(* Let $R$, $a$, $t$, $t_i$, $H_i$ and the polynomials $q_{\mu,i}$, $z_{\mu,i}$, $\sigma_{\mu,i}$ be as in the context, let $I=\langle t_1(X_1),\dots,t_r(X_r)\rangle\lhd R[X_1,\dots,X_r]$, and for $\mu\in H_1\times\dots\times H_r$ let $$h_\mu=\prod_{i=1}^r\frac{t_i(X_i)}{q_{\mu,i}(X_i)}\prod_{i=2}^r\sigma_{\mu,i},\qquad I_\mu=\langle q_{\mu,1},z_{\mu,2},\dots,z_{\mu,r}\rangle .$$ Then the annihilator of the ideal $\langle h_\mu+I\rangle$ in $R[X_1,\dots,X_r]/I$ is $(I_\mu+I)/I$.
   Context: $R$ is a finite commutative chain ring (finite commutative local ring whose ideals are totally ordered) with maximal ideal $M=\langle a\rangle$, $a$ of nilpotency index $t$, residue field $\mathbb F_q$; reduction mod $M$ is denoted $r\mapsto \bar r$ and extended coefficientwise to polynomials. $\mathbb F$ is an algebraic closure of $\mathbb F_q$. For $i=1,\dots,r$, $t_i(X_i)\in R[X_i]$ is monic with $\bar t_i$ square-free, and $H_i\subseteq\mathbb F$ is the set of roots of $\bar t_i$. For $\mu=(\mu_1,\dots,\mu_r)\in H_1\times\dots\times H_r$: $p_{\mu,i}$ is the minimal polynomial of $\mu_i$ over $\mathbb F_q$; for $i\ge2$, $w_{\mu,i}$ is the minimal polynomial of $\mu_i$ over $\mathbb F_q(\mu_1,\dots,\mu_{i-1})$ and $\pi_{\mu,i}=p_{\mu,i}/w_{\mu,i}$. $q_{\mu,i}\in R[X_i]$ is the unique monic factor of $t_i$ with $\bar q_{\mu,i}=p_{\mu,i}$ (Hensel's lemma). With $R_{i-1}=R[X_1,\dots,X_{i-1}]/\langle q_{\mu,1},z_{\mu,2},\dots,z_{\mu,i-1}\rangle$ (a local ring with residue field $\mathbb F_q(\mu_1,\dots,\mu_{i-1})$), Hensel's lemma gives a factorization $q_{\mu,i}=z_{\mu,i}\sigma_{\mu,i}$ in $R_{i-1}[X_i]$ into monic coprime factors reducing to $w_{\mu,i}$ and $\pi_{\mu,i}$; $z_{\mu,i},\sigma_{\mu,i}$ are regarded as polynomials in $R[X_1,\dots,X_i]$ by replacing the images of $X_j$ in $R_{i-1}$ by $X_j$. *)

theory Defs
  imports "HOL-Library.Poly_Mapping" "HOL-Computational_Algebra.Polynomial"
          "HOL-Computational_Algebra.Squarefree"
begin

definition is_ideal :: "'a::comm_ring_1 set \<Rightarrow> bool" where
  "is_ideal J \<longleftrightarrow> 0 \<in> J \<and> (\<forall>x\<in>J. \<forall>y\<in>J. x + y \<in> J) \<and> (\<forall>x\<in>J. \<forall>y. y * x \<in> J)"

definition finite_chain_ring :: "'a::comm_ring_1 \<Rightarrow> nat \<Rightarrow> bool" where
  "finite_chain_ring a t \<longleftrightarrow>
     finite (UNIV :: 'a set) \<and>
     (\<forall>J1 J2. is_ideal (J1::'a set) \<and> is_ideal J2 \<longrightarrow> J1 \<subseteq> J2 \<or> J2 \<subseteq> J1) \<and>
     \<comment> \<open>local, with unique maximal ideal \<langle>a\<rangle>\<close>
     range (\<lambda>y. a * y) \<noteq> UNIV \<and>
     (\<forall>J. is_ideal (J::'a set) \<and> J \<noteq> UNIV \<longrightarrow> J \<subseteq> range (\<lambda>y. a * y)) \<and>
     \<comment> \<open>nilpotency index t\<close>
     1 \<le> t \<and> a ^ t = 0 \<and> a ^ (t - 1) \<noteq> 0"

definition is_ring_hom :: "('a::comm_ring_1 \<Rightarrow> 'b::comm_ring_1) \<Rightarrow> bool" where
  "is_ring_hom f \<longleftrightarrow> f 0 = 0 \<and> f 1 = 1 \<and> (\<forall>x y. f (x + y) = f x + f y) \<and>
                       (\<forall>x y. f (x * y) = f x * f y)"

definition is_subfield :: "'f::field set \<Rightarrow> bool" where
  "is_subfield K \<longleftrightarrow> 0 \<in> K \<and> 1 \<in> K \<and> (\<forall>x\<in>K. \<forall>y\<in>K. x + y \<in> K \<and> x * y \<in> K) \<and>
                     (\<forall>x\<in>K. - x \<in> K \<and> inverse x \<in> K)"

definition gen_subfield :: "'f::field set \<Rightarrow> 'f set" where
  "gen_subfield S = \<Inter> {K. is_subfield K \<and> S \<subseteq> K}"

definition is_algebraic_closure :: "('k::field \<Rightarrow> 'f::field) \<Rightarrow> bool" where
  "is_algebraic_closure emb \<longleftrightarrow> is_ring_hom emb \<and>
     (\<forall>p :: 'f poly. degree p \<ge> 1 \<longrightarrow> (\<exists>x. poly p x = 0)) \<and>
     (\<forall>x :: 'f. \<exists>p :: 'k poly. p \<noteq> 0 \<and> poly (map_poly emb p) x = 0)"

definition is_minpoly :: "'f::field set \<Rightarrow> 'f \<Rightarrow> 'f poly \<Rightarrow> bool" where
  "is_minpoly K \<alpha> p \<longleftrightarrow> set (coeffs p) \<subseteq> K \<and> lead_coeff p = 1 \<and> poly p \<alpha> = 0 \<and>
     (\<forall>g. set (coeffs g) \<subseteq> K \<and> poly g \<alpha> = 0 \<longrightarrow> p dvd g)"

type_synonym 'a mpoly = "(nat \<Rightarrow>\<^sub>0 nat) \<Rightarrow>\<^sub>0 'a"

definition Var :: "nat \<Rightarrow> 'a::comm_ring_1 mpoly" where
  "Var i = Poly_Mapping.single (Poly_Mapping.single i 1) 1"

definition Const :: "'a::comm_ring_1 \<Rightarrow> 'a mpoly" where
  "Const c = Poly_Mapping.single 0 c"

text \<open>Univariate polynomial p regarded as the polynomial p(X_i).\<close>
definition in_var :: "nat \<Rightarrow> 'a::comm_ring_1 poly \<Rightarrow> 'a mpoly" where
  "in_var i p = poly (map_poly Const p) (Var i)"

definition vars :: "'a::zero mpoly \<Rightarrow> nat set" where
  "vars f = \<Union> (Poly_Mapping.keys ` Poly_Mapping.keys f)"

definition polys_in :: "nat set \<Rightarrow> 'a::zero mpoly set" where
  "polys_in V = {f. vars f \<subseteq> V}"

definition ideal_gen :: "nat set \<Rightarrow> 'a::comm_ring_1 mpoly set \<Rightarrow> 'a mpoly set" where
  "ideal_gen V G = {f. \<exists>c. (\<forall>g\<in>G. c g \<in> polys_in V) \<and> f = (\<Sum>g\<in>G. c g * g)}"

definition monic_in :: "nat \<Rightarrow> 'a::comm_ring_1 mpoly \<Rightarrow> bool" where
  "monic_in i f \<longleftrightarrow> (\<exists>d g. f = Var i ^ d + g \<and>
      (\<forall>m\<in>Poly_Mapping.keys g. Poly_Mapping.lookup m i < d))"

definition mmap :: "('a::zero \<Rightarrow> 'b::zero) \<Rightarrow> 'a mpoly \<Rightarrow> 'b mpoly" where
  "mmap f p = Poly_Mapping.map f p"

text \<open>Substitute X_j := v j for all j \<noteq> i, keeping X_i as the variable of a univariate polynomial.\<close>
definition eval_except :: "nat \<Rightarrow> (nat \<Rightarrow> 'f::field) \<Rightarrow> 'f mpoly \<Rightarrow> 'f poly" where
  "eval_except i v f = (\<Sum>m\<in>Poly_Mapping.keys f.
      smult (Poly_Mapping.lookup f m *
             (\<Prod>j\<in>Poly_Mapping.keys m - {i}. v j ^ Poly_Mapping.lookup m j))
            (monom 1 (Poly_Mapping.lookup m i)))"

end

theory Submission
  imports Defs
begin

text \<open>
  Let I be generated by the t_i(X_i), let J be generated by q_1, z_2, ..., z_r together with I,
  and let h_k be the product of the s_i = t_i/q_i for i \<le> k and of the \<sigma>_i for 2 \<le> i \<le> k,
  so that h_\<mu> = h_r.

  J annihilates h_\<mu> modulo I: by induction on k, the generators q_1, z_2, ..., z_k annihilate
  h_k. In the step, z_k \<sigma>_k \<equiv> q_k modulo the earlier generators, which already annihilate
  h_(k-1), so z_k h_k \<equiv> q_k s_k h_(k-1) = t_k h_(k-1) \<equiv> 0.

  Conversely h_\<mu> is a unit modulo J, so everything annihilating it modulo I \<subseteq> J lies in J.
  Indeed each \<sigma>_i is coprime to z_i \<in> J and each s_i is coprime to q_i \<in> J. The latter
  coprimality holds over the residue field because t_i is square-free there, and a Bezout
  identity lifts from the residue field to R because the kernel \<langle>a\<rangle> of the reduction is
  nilpotent.
\<close>

lemma is_ring_hom_diff:
  assumes "is_ring_hom f" shows "f (x - y) = f x - f y"
proof -
  have "f (x - y) + f y = f x"
    using assms unfolding is_ring_hom_def by (metis diff_add_cancel)
  then show ?thesis by (simp add: eq_diff_eq)
qed

lemma is_ring_hom_sum:
  assumes "is_ring_hom f" shows "f (sum g A) = (\<Sum>x\<in>A. f (g x))"
  using assms unfolding is_ring_hom_def by (induction A rule: infinite_finite_induct) auto

lemma map_poly_hom_add:
  assumes "is_ring_hom f" shows "map_poly f (p + q) = map_poly f p + map_poly f q"
  using assms by (intro poly_eqI) (simp add: coeff_map_poly is_ring_hom_def)

lemma map_poly_hom_diff:
  assumes "is_ring_hom f" shows "map_poly f (p - q) = map_poly f p - map_poly f q"
  using assms by (intro poly_eqI) (simp add: coeff_map_poly is_ring_hom_diff is_ring_hom_def)

lemma map_poly_hom_mult:
  assumes "is_ring_hom f" shows "map_poly f (p * q) = map_poly f p * map_poly f q"
proof -
  have "f 0 = 0" "\<And>x y. f (x * y) = f x * f y"
    using assms by (auto simp: is_ring_hom_def)
  then show ?thesis
    by (intro poly_eqI) (simp add: coeff_map_poly coeff_mult is_ring_hom_sum [OF assms])
qed

lemma surj_map_poly:
  assumes "surj f" "f 0 = 0" shows "surj (map_poly f)"
proof -
  define g where "g c = (if c = 0 then 0 else inv f c)" for c
  have "f (g c) = c" for c
    using assms by (simp add: g_def surj_f_inv_f)
  then have "map_poly f (map_poly g P) = P" for P
    by (simp add: map_poly_map_poly assms(2) g_def o_def map_poly_idI)
  then show ?thesis by (rule surjI)
qed

lemma field_poly_bezout_common_divisor:
  fixes a b :: "'k::field poly"
  shows "\<exists>x y d. x * a + y * b = d \<and> d dvd a \<and> d dvd b"
proof (induction "euclidean_size b" arbitrary: a b rule: less_induct)
  case less
  show ?case
  proof (cases "b = 0")
    case True
    then show ?thesis by (metis add_0_right dvd_0_right dvd_refl mult_1)
  next
    case False
    then obtain x y d where xyd: "x * b + y * (a mod b) = d" "d dvd b" "d dvd a mod b"
      using less mod_size_less by blast
    have "y * a + (x - y * (a div b)) * b = x * b + y * (a mod b)"
      by (simp add: algebra_simps minus_div_mult_eq_mod [symmetric])
    moreover have "d dvd a"
      using xyd dvd_mod_imp_dvd by blast
    ultimately show ?thesis
      using xyd by metis
  qed
qed

lemma field_poly_coprime_imp_bezout:
  fixes a b :: "'k::field poly"
  assumes "coprime a b" shows "\<exists>x y. x * a + y * b = 1"
proof -
  obtain x y d where xyd: "x * a + y * b = d" "d dvd a" "d dvd b"
    using field_poly_bezout_common_divisor by blast
  then obtain e where "d * e = 1"
    using assms coprime_common_divisor by (metis dvdE)
  then have "(e * x) * a + (e * y) * b = 1"
    using xyd(1) by (metis distrib_left mult.assoc mult.commute)
  then show ?thesis by blast
qed

lemma squarefree_mult_imp_coprime:
  fixes a b :: "'a::algebraic_semidom"
  assumes "squarefree (a * b)" shows "coprime a b"
proof (rule coprimeI)
  fix c assume "c dvd a" "c dvd b"
  then have "c ^ 2 dvd a * b" by (simp add: power2_eq_square mult_dvd_mono)
  then show "is_unit c" using assms squarefreeD by blast
qed

lemma map_poly_eq_0_imp_nilpotent:
  fixes red :: "'a::comm_ring_1 \<Rightarrow> 'k::zero"
  assumes ker: "{x. red x = 0} = range (\<lambda>y. a * y)" and "a ^ n = 0" and "map_poly red E = 0"
  shows "E ^ n = 0"
proof -
  have red0: "red 0 = 0"
    using ker by (metis (mono_tags) mem_Collect_eq mult_zero_right rangeI)
  define D where "D c = (if c = 0 then 0 else SOME y. c = a * y)" for c
  have D: "c = a * D c" if "red c = 0" for c
    using that ker someI_ex[of "\<lambda>y. c = a * y"] by (auto simp: D_def)
  have "coeff E k = a * D (coeff E k)" for k
    using assms(3) D by (metis coeff_0 coeff_map_poly red0)
  moreover have "D 0 = 0" by (simp add: D_def)
  ultimately have "E = smult a (map_poly D E)"
    by (intro poly_eqI) (simp add: coeff_map_poly)
  then show ?thesis
    by (metis assms(2) smult_0_left smult_power)
qed

lemma one_plus_nilpotent_inverse:
  fixes e :: "'a::comm_ring_1"
  assumes "e ^ n = 0" shows "(1 + e) * (\<Sum>i<n. (- e) ^ i) = 1"
  using one_diff_power_eq[of "- e" n] assms by (simp add: power_minus')

lemma coprime_reduction_imp_bezout:
  fixes red :: "'a::comm_ring_1 \<Rightarrow> 'k::field"
  assumes hom: "is_ring_hom red" and "surj red"
    and ker: "{x. red x = 0} = range (\<lambda>y. a * y)" and "a ^ n = 0"
    and "coprime (map_poly red q) (map_poly red s)"
  shows "\<exists>U W. U * s + W * q = 1"
proof -
  obtain A' B' where bezout: "A' * map_poly red q + B' * map_poly red s = 1"
    using field_poly_coprime_imp_bezout assms(5) by blast
  have "surj (map_poly red)"
    using surj_map_poly assms(2) hom unfolding is_ring_hom_def by blast
  then obtain A B where AB: "map_poly red A = A'" "map_poly red B = B'"
    by (metis surjD)
  define E where "E = A * q + B * s - 1"
  have "map_poly red E = 0"
    using hom bezout
    by (simp add: E_def AB map_poly_hom_diff map_poly_hom_add map_poly_hom_mult is_ring_hom_def)
  then have "E ^ n = 0"
    using map_poly_eq_0_imp_nilpotent ker assms(4) by blast
  then have "(A * q + B * s) * (\<Sum>i<n. (- E) ^ i) = 1"
    using one_plus_nilpotent_inverse by (fastforce simp: E_def)
  then have "((\<Sum>i<n. (- E) ^ i) * B) * s + ((\<Sum>i<n. (- E) ^ i) * A) * q = 1"
    by (simp add: algebra_simps)
  then show ?thesis by blast
qed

■ Exercise
Set down again, word for word, the stretch of records from the line with "squarefreeD by blast" to the line with "using hom bezout", both of those lines included.

■ Solution to this problem
  then show "is_unit c" using assms squarefreeD by blast
qed

lemma map_poly_eq_0_imp_nilpotent:
  fixes red :: "'a::comm_ring_1 \<Rightarrow> 'k::zero"
  assumes ker: "{x. red x = 0} = range (\<lambda>y. a * y)" and "a ^ n = 0" and "map_poly red E = 0"
  shows "E ^ n = 0"
proof -
  have red0: "red 0 = 0"
    using ker by (metis (mono_tags) mem_Collect_eq mult_zero_right rangeI)
  define D where "D c = (if c = 0 then 0 else SOME y. c = a * y)" for c
  have D: "c = a * D c" if "red c = 0" for c
    using that ker someI_ex[of "\<lambda>y. c = a * y"] by (auto simp: D_def)
  have "coeff E k = a * D (coeff E k)" for k
    using assms(3) D by (metis coeff_0 coeff_map_poly red0)
  moreover have "D 0 = 0" by (simp add: D_def)
  ultimately have "E = smult a (map_poly D E)"
    by (intro poly_eqI) (simp add: coeff_map_poly)
  then show ?thesis
    by (metis assms(2) smult_0_left smult_power)
qed

lemma one_plus_nilpotent_inverse:
  fixes e :: "'a::comm_ring_1"
  assumes "e ^ n = 0" shows "(1 + e) * (\<Sum>i<n. (- e) ^ i) = 1"
  using one_diff_power_eq[of "- e" n] assms by (simp add: power_minus')

lemma coprime_reduction_imp_bezout:
  fixes red :: "'a::comm_ring_1 \<Rightarrow> 'k::field"
  assumes hom: "is_ring_hom red" and "surj red"
    and ker: "{x. red x = 0} = range (\<lambda>y. a * y)" and "a ^ n = 0"
    and "coprime (map_poly red q) (map_poly red s)"
  shows "\<exists>U W. U * s + W * q = 1"
proof -
  obtain A' B' where bezout: "A' * map_poly red q + B' * map_poly red s = 1"
    using field_poly_coprime_imp_bezout assms(5) by blast
  have "surj (map_poly red)"
    using surj_map_poly assms(2) hom unfolding is_ring_hom_def by blast
  then obtain A B where AB: "map_poly red A = A'" "map_poly red B = B'"
    by (metis surjD)
  define E where "E = A * q + B * s - 1"
  have "map_poly red E = 0"
    using hom bezout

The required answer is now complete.